2009年05月27日

プリズム矯正〜「あなたの信じる宗教は?」

先日ご来店された横田さんとの話のなかで…

横田さん
「原さんの信じている宗教は何ですか?」


「???…」

横田さん
「いやいや、プリズム矯正の話です。」

なぜ、こういうやり取りなのかというと…
斜位矯正の方法、考え方には様々な方法や考え方があり
「斜位は完全矯正」を基本方針とするドイツ式の考え方と、
検査方法やアプローチの仕方が違うアメリカ式などがあります。

日本にドイツのポラテストが紹介されて以来、多くの眼鏡店でポラテストの考えに基づく斜位へのアプローチが普及しましたし、その後、アメリカでのオプトメロリーを勉強されたかたがたによって、アメリカ式の斜位へのアプローチ方法が多く紹介されました。

そういった背景があり、「斜位は完全矯正が基本」という考え方と、「斜位は必要最低限のプリズム処方」という考え方がありますので、その考え方によってプリズム処方をする割合は、その眼鏡店によって差がでてきます。
(中には、輻輳余力など考えずに、斜位が検出されればプリズム矯正というような人もいますが)
20数年前には、日眼研でドイツ式とアメリカ式の討論会があり、対決ムードの中、激論が交わされたそうですが、検査方法や処方方針に違いがあり、話がかみ合いにくかったそうです。
斜位矯正にはそのような背景があり、先の横田さんの問いになったわけです。

私は、てっきり…
「仏教です。」と答えそうになりました。

このドイツのポラテストは、日常自然視に近い状態で斜位測定ができる斜位の検査方法ですが、ポラテストの考案者であるドイツのハーゼ博士は、ポラテストで検出された斜位は完全矯正するというのが基本的な考え方のようです。
(もっとも、ポラテストには様々な検査項目や、ノウハウがあり一言で説明できるほど単純ではありませんし、近年ではアメリカで勉強されてくる技術者も多く、アメリカ式のアプローチも取り入れているようです。)

数十年前に日本にポラテストが紹介された当時は、日本各地で講習会が開催され、その時のハーゼ流の考え方が根強く、斜位は完全矯正の方針をとる眼鏡技術者も多いようです。

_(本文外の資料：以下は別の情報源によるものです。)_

(* Fix $0<\epsilon<2$. (1) If $2\le p_1<p_2<\infty$, then $\delta(p_2,\epsilon)<\delta(p_1,\epsilon)$. (2) If $1<p_1<p_2\le 2$, then $\delta(p_1,\epsilon)<\delta(p_2,\epsilon)$.
   Context: For $1<p<\infty$ and $0<\epsilon\le2$: if $1<p\le2$, $\delta(p,\epsilon)$ is the unique $\delta\in[0,1]$ with $(1-\delta+\frac{\epsilon}{2})^p+|1-\delta-\frac{\epsilon}{2}|^p=2$; if $p\ge2$, $\delta(p,\epsilon)=1-\left(1-(\frac{\epsilon}{2})^p\right)^{1/p}$. *)

theory Defs
  imports "HOL-Analysis.Analysis"
begin

text \<open>Modulus-of-convexity constant delta(p, eps) for 1 < p < infinity, 0 < eps <= 2.
  For 1 < p <= 2 it is the unique delta in [0,1] solving
  (1 - delta + eps/2)^p + |1 - delta - eps/2|^p = 2;
  for p >= 2 it is 1 - (1 - (eps/2)^p)^(1/p).  (At p = 2 both agree.)\<close>

definition delta :: "real \<Rightarrow> real \<Rightarrow> real" where
  "delta p \<epsilon> =
     (if p \<le> 2 then
        (THE d. 0 \<le> d \<and> d \<le> 1 \<and>
           (1 - d + \<epsilon> / 2) powr p + \<bar>1 - d - \<epsilon> / 2\<bar> powr p = 2)
      else 1 - (1 - (\<epsilon> / 2) powr p) powr (1 / p))"

end

theory Submission
  imports Defs
begin

text \<open>Put \<open>a = \<epsilon>/2\<close>. For \<open>p \<ge> 2\<close>, \<open>1 - \<delta>(p,\<epsilon>) = b\<^sub>p = (1 - a\<^sup>p)\<^bsup>1/p\<^esup>\<close>, and \<open>b\<^sub>p\<close>
  increases with \<open>p\<close> because \<open>b\<^sub>p\<^sup>q < b\<^sub>p\<^sup>p = 1 - a\<^sup>p < 1 - a\<^sup>q = b\<^sub>q\<^sup>q\<close> for \<open>p < q\<close>.
  For \<open>1 < p \<le> 2\<close>, \<open>t = 1 - \<delta>(p,\<epsilon>)\<close> is the root of \<open>(t + a)\<^sup>p + |t - a|\<^sup>p = 2\<close>, whose
  left-hand side is strictly increasing in \<open>t \<ge> 0\<close>. Writing its two summands at the root as
  \<open>1 + u\<close> and \<open>1 - u\<close>, the left-hand side for an exponent \<open>q > p\<close> becomes
  \<open>(1 + u)\<^sup>r + (1 - u)\<^sup>r > 2\<close> with \<open>r = q/p > 1\<close>, so the root for \<open>q\<close> is smaller.\<close>

definition shifted_powr_sum :: "real \<Rightarrow> real \<Rightarrow> real \<Rightarrow> real" where
  "shifted_powr_sum a p t = (t + a) powr p + \<bar>t - a\<bar> powr p"

lemma shifted_powr_sum_strict_mono_below:
  fixes a p t s :: real
  assumes "1 < p" and "0 \<le> t" "t < s" "s \<le> a"
  shows "shifted_powr_sum a p t < shifted_powr_sum a p s"
proof -
  let ?g = "\<lambda>x. (x + a) powr p + (a - x) powr p"
  have "?g t < ?g s"
  proof (rule DERIV_pos_imp_increasing_open[OF \<open>t < s\<close>])
    fix x assume x: "t < x" "x < s"
    have "(?g has_real_derivative p * (x + a) powr (p - 1) - p * (a - x) powr (p - 1)) (at x)"
      using x assms by (auto intro!: derivative_eq_intros simp: powr_diff)
    moreover have "(a - x) powr (p - 1) < (x + a) powr (p - 1)"
      using x assms by (intro powr_less_mono2) auto
    ultimately show "\<exists>y. (?g has_real_derivative y) (at x) \<and> 0 < y"
      using \<open>1 < p\<close> by auto
  next
    show "continuous_on {t..s} ?g"
      using assms by (intro continuous_intros continuous_on_powr') auto
  qed
  then show ?thesis
    using assms by (simp add: shifted_powr_sum_def abs_minus_commute abs_of_nonneg)
qed

lemma shifted_powr_sum_strict_mono_above:
  fixes a p t s :: real
  assumes "0 < a" "0 < p" "a \<le> t" "t < s"
  shows "shifted_powr_sum a p t < shifted_powr_sum a p s"
proof -
  have "(t + a) powr p < (s + a) powr p"
    using assms by (intro powr_less_mono2) auto
  moreover have "\<bar>t - a\<bar> powr p \<le> \<bar>s - a\<bar> powr p"
    using assms by (intro powr_mono2) auto
  ultimately show ?thesis
    unfolding shifted_powr_sum_def by simp
qed

lemma shifted_powr_sum_strict_mono:
  fixes a p t s :: real
  assumes "0 < a" "1 < p" "0 \<le> t" "t < s"
  shows "shifted_powr_sum a p t < shifted_powr_sum a p s"
proof -
  consider "s \<le> a" | "a \<le> t" | "t < a" "a < s" by linarith
  then show ?thesis
  proof cases
    case 3
    with assms shifted_powr_sum_strict_mono_below[of p t a a]
    have "shifted_powr_sum a p t < shifted_powr_sum a p a" by simp
    also have "\<dots> < shifted_powr_sum a p s"
      using assms 3 by (intro shifted_powr_sum_strict_mono_above) auto
    finally show ?thesis .
  qed (use assms shifted_powr_sum_strict_mono_below shifted_powr_sum_strict_mono_above in auto)
qed

lemma one_plus_minus_powr_gt_two:
  fixes p u :: real
  assumes "1 < p" "0 < u" "u \<le> 1"
  shows "2 < (1 + u) powr p + (1 - u) powr p"
  using shifted_powr_sum_strict_mono[of 1 p 0 u] assms
  by (simp add: shifted_powr_sum_def abs_minus_commute add.commute)

lemma shifted_powr_sum_eq_two_exists:
  fixes a p :: real
  assumes "0 < a" "a < 1" "1 < p"
  obtains t where "0 < t" "t \<le> 1" "shifted_powr_sum a p t = 2"
proof -
  have "a powr p < 1"
    using assms powr_less_mono2[of p a 1] by simp
  then have below: "shifted_powr_sum a p 0 < 2"
    using assms by (simp add: shifted_powr_sum_def)
  have "2 < shifted_powr_sum a p 1"
    using one_plus_minus_powr_gt_two[of p a] assms
    by (simp add: shifted_powr_sum_def add.commute abs_minus_commute)
  moreover have "continuous_on {0..1} (shifted_powr_sum a p)"
    unfolding shifted_powr_sum_def using assms
    by (intro continuous_intros continuous_on_powr') auto
  ultimately obtain t where "0 \<le> t" "t \<le> 1" "shifted_powr_sum a p t = 2"
    using IVT'[of "shifted_powr_sum a p" 0 2 1] below by auto
  moreover have "t \<noteq> 0" using below \<open>shifted_powr_sum a p t = 2\<close> by auto
  ultimately show ?thesis by (intro that) auto
qed

lemma delta_eq_if_shifted_powr_sum_eq_two:
  fixes \<epsilon> p t :: real
  assumes "0 < \<epsilon>" "1 < p" "p \<le> 2"
    and "0 \<le> t" "t \<le> 1" "shifted_powr_sum (\<epsilon>/2) p t = 2"
  shows "delta p \<epsilon> = 1 - t"
proof -
  have "(THE d. 0 \<le> d \<and> d \<le> 1 \<and>
           (1 - d + \<epsilon>/2) powr p + \<bar>1 - d - \<epsilon>/2\<bar> powr p = 2) = 1 - t"
  proof (rule the_equality)
    fix d
    assume "0 \<le> d \<and> d \<le> 1 \<and> (1 - d + \<epsilon>/2) powr p + \<bar>1 - d - \<epsilon>/2\<bar> powr p = 2"
    then have "0 \<le> 1 - d" "shifted_powr_sum (\<epsilon>/2) p (1 - d) = 2"
      by (simp_all add: shifted_powr_sum_def)
    with assms have "\<not> 1 - d < t" "\<not> t < 1 - d"
      using shifted_powr_sum_strict_mono[of "\<epsilon>/2" p] by (metis half_gt_zero less_irrefl)+
    then show "d = 1 - t" by linarith
  qed (use assms in \<open>simp add: shifted_powr_sum_def\<close>)
  then show ?thesis
    unfolding delta_def using assms by simp
qed

lemma shifted_powr_sum_gt_two_larger_exponent:
  fixes a p q t :: real
  assumes "0 < a" "1 < p" "p < q" "0 < t" "shifted_powr_sum a p t = 2"
  shows "2 < shifted_powr_sum a q t"
proof -
  define u where "u = (t + a) powr p - 1"
  have "\<bar>t - a\<bar> powr p < (t + a) powr p"
    using assms by (intro powr_less_mono2) auto
  moreover have "(t + a) powr p + \<bar>t - a\<bar> powr p = 2"
    using assms(5) unfolding shifted_powr_sum_def .
  ultimately have u: "0 < u" "u \<le> 1" "(t + a) powr p = 1 + u" "\<bar>t - a\<bar> powr p = 1 - u"
    using powr_ge_zero[of "\<bar>t - a\<bar>" p] unfolding u_def by linarith+
  have "x powr q = (x powr p) powr (q / p)" if "0 \<le> x" for x :: real
    using assms by (simp add: powr_powr)
  then have "shifted_powr_sum a q t = (1 + u) powr (q / p) + (1 - u) powr (q / p)"
    using assms unfolding shifted_powr_sum_def u(3,4)[symmetric]
    by (metis abs_ge_zero add_pos_pos less_le)
  also have "2 < \<dots>"
    using assms u by (intro one_plus_minus_powr_gt_two) auto
  finally show ?thesis .
qed

lemma complement_powr_root_strict_mono:
  fixes a p q :: real
  assumes "0 < a" "a < 1" "0 < p" "p < q"
  shows "(1 - a powr p) powr (1 / p) < (1 - a powr q) powr (1 / q)"
proof -
  define b where "b = (\<lambda>r. (1 - a powr r) powr (1 / r))"
  have a_powr: "0 < a powr r" "a powr r < 1" if "0 < r" for r
  proof -
    show "0 < a powr r" using assms by simp
    show "a powr r < 1" using powr_less_mono2[of r a 1] assms that by simp
  qed
  have b_powr: "b r powr r = 1 - a powr r" if "0 < r" for r
    using a_powr[OF that] that by (simp add: b_def powr_powr)
  have b_bounds: "0 < b r" "b r < 1" if "0 < r" for r
  proof -
    show "0 < b r" using a_powr[OF that] by (simp add: b_def)
    show "b r < 1"
      using a_powr[OF that] that powr_less_mono2[of "1 / r" "1 - a powr r" 1] by (simp add: b_def)
  qed
  have "b p powr q < b p powr p"
    using assms b_bounds[of p] by (intro powr_less_mono') auto
  also have "\<dots> < b q powr q"
    using assms b_powr[of p] b_powr[of q] powr_less_mono'[of a p q] by simp
  finally have "b p < b q"
    using assms b_bounds(1)[of p] b_bounds(1)[of q] powr_less_cancel2[of q "b p" "b q"] by linarith
  then show ?thesis
    by (simp add: b_def)
qed

lemma delta_ge_two:
  fixes \<epsilon> p :: real
  assumes "0 < \<epsilon>" "\<epsilon> < 2" "2 \<le> p"
  shows "delta p \<epsilon> = 1 - (1 - (\<epsilon>/2) powr p) powr (1 / p)"
proof (cases "p = 2")
  case True
  \<comment> \<open>at \<open>p = 2\<close> \<open>delta\<close> is given by the equation, solved by \<open>b = sqrt (1 - a\<^sup>2)\<close>\<close>
  define a where "a = \<epsilon>/2"
  define b where "b = sqrt (1 - a\<^sup>2)"
  have a: "0 < a" "a < 1"
    using assms by (auto simp: a_def)
  then have b: "0 \<le> b" "b \<le> 1" "b\<^sup>2 = 1 - a\<^sup>2"
    by (auto simp: b_def power_le_one)
  have "shifted_powr_sum a 2 b = (b + a)\<^sup>2 + (b - a)\<^sup>2"
    using a b by (simp add: shifted_powr_sum_def powr_numeral)
  also have "\<dots> = 2"
    using b by (simp add: power2_eq_square algebra_simps)
  finally have "delta 2 \<epsilon> = 1 - b"
    using assms b by (intro delta_eq_if_shifted_powr_sum_eq_two) (auto simp: a_def)
  moreover have "(1 - a powr 2) powr (1 / 2) = b"
    using a by (simp add: b_def powr_half_sqrt powr_numeral power_le_one)
  ultimately show ?thesis
    using True by (simp add: a_def)
qed (use assms in \<open>simp add: delta_def\<close>)

lemma delta_strict_antimono_ge_two:
  fixes \<epsilon> p q :: real
  assumes "0 < \<epsilon>" "\<epsilon> < 2" "2 \<le> p" "p < q"
  shows "delta q \<epsilon> < delta p \<epsilon>"
  using assms complement_powr_root_strict_mono[of "\<epsilon>/2" p q]
  by (simp add: delta_ge_two)

lemma delta_strict_mono_le_two:
  fixes \<epsilon> p q :: real
  assumes \<epsilon>: "0 < \<epsilon>" "\<epsilon> < 2" and "1 < p" "p < q" "q \<le> 2"
  shows "delta p \<epsilon> < delta q \<epsilon>"
proof -
  have a: "0 < \<epsilon>/2" "\<epsilon>/2 < 1"
    using \<epsilon> by auto
  obtain s where s: "0 < s" "s \<le> 1" "shifted_powr_sum (\<epsilon>/2) p s = 2"
    using shifted_powr_sum_eq_two_exists[OF a, of p] assms by auto
  obtain t where t: "0 < t" "t \<le> 1" "shifted_powr_sum (\<epsilon>/2) q t = 2"
    using shifted_powr_sum_eq_two_exists[OF a, of q] assms by auto
  have "shifted_powr_sum (\<epsilon>/2) q t < shifted_powr_sum (\<epsilon>/2) q s"
    using shifted_powr_sum_gt_two_larger_exponent[OF a(1), of p q s] assms s t by simp
  then have "t < s"
    using shifted_powr_sum_strict_mono[OF a(1), of q s t] assms s t by (smt (verit))
  moreover have "delta p \<epsilon> = 1 - s" "delta q \<epsilon> = 1 - t"
    using assms s t by (auto intro: delta_eq_if_shifted_powr_sum_eq_two)
  ultimately show ?thesis
    by simp
qed

theorem proposition3p15:
  fixes \<epsilon> :: real
  assumes "0 < \<epsilon>" and "\<epsilon> < 2"
  shows "(\<forall>p1 p2. 2 \<le> p1 \<and> p1 < p2 \<longrightarrow> delta p2 \<epsilon> < delta p1 \<epsilon>)
       \<and> (\<forall>p1 p2. 1 < p1 \<and> p1 < p2 \<and> p2 \<le> 2 \<longrightarrow> delta p1 \<epsilon> < delta p2 \<epsilon>)"
  using assms delta_strict_antimono_ge_two delta_strict_mono_le_two by blast

end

それで、実際にプリズム処方をするのは何パーセントあるのかということを話ていたのですが、私の場合は10パーセント程度あるように思えました。

横田さんは5パーセントくらいで、10パーセントまではいかないと言われていましたが、よくよく考えてみれば、当店の場合、深視力検査が合格しないかたや目の疲れでパソコンメガネを求められるかた、または、目の疲れなどの症状を改善したくて、ネットを見て来られるかたが多く、最近は上斜位をプリズム矯正することが多くなっていたからのようです。

左右の視線の向きが、上下にずれる斜位を上斜位といいますが、その場合は、プリズム矯正が効果的です。

また、視線の向きが横方向にずれる、外斜位や内斜位は、眼を動かす筋肉の余力を活かすことも可能ですし、ピント調節の量でも水平方向の斜位の量は変化しますし、眼鏡レンズを装用することにより生じる光学的なプリズムで緩和できる場合もありますので、必ずしも水平方向の斜位は完全矯正をしなくてもよいように思えます。

しかし、近視が多い日本人よりも、遠視の多い西洋人の方が、内斜位も多いようですから、おのずと水平方向のプリズム矯正が増えるのではないか、とも思えます。

眼鏡は奥が深いな〜

この方々は凄いですよ↓

グラスギャラリー
http://nara.areablog.jp/blog/1000005422/p10063403c.html

オプト・アイランド
http://oe.tea-nifty.com/opteyeland/2008/08/post_cb83.html
posted by yasuhiro hara at 17:23| Comment(1) | TrackBack(0) | 検査VT
この記事へのコメント
タイトルにはどっきりとしました。^^
でも、ホントに奥が深いのですね〜。
ところで、新しく作っていただいたメガネは、以前のものとくらべて
素材のせいか、フィット感にあまり不具合を感じなくなりました。
以前はすぐに調整が必要な感じになっていたのに、違いにびっくりしています。
フィットしているのは喜ばしいことなのですが、
お店にうかがえる機会が減ってしまっていることは残念です。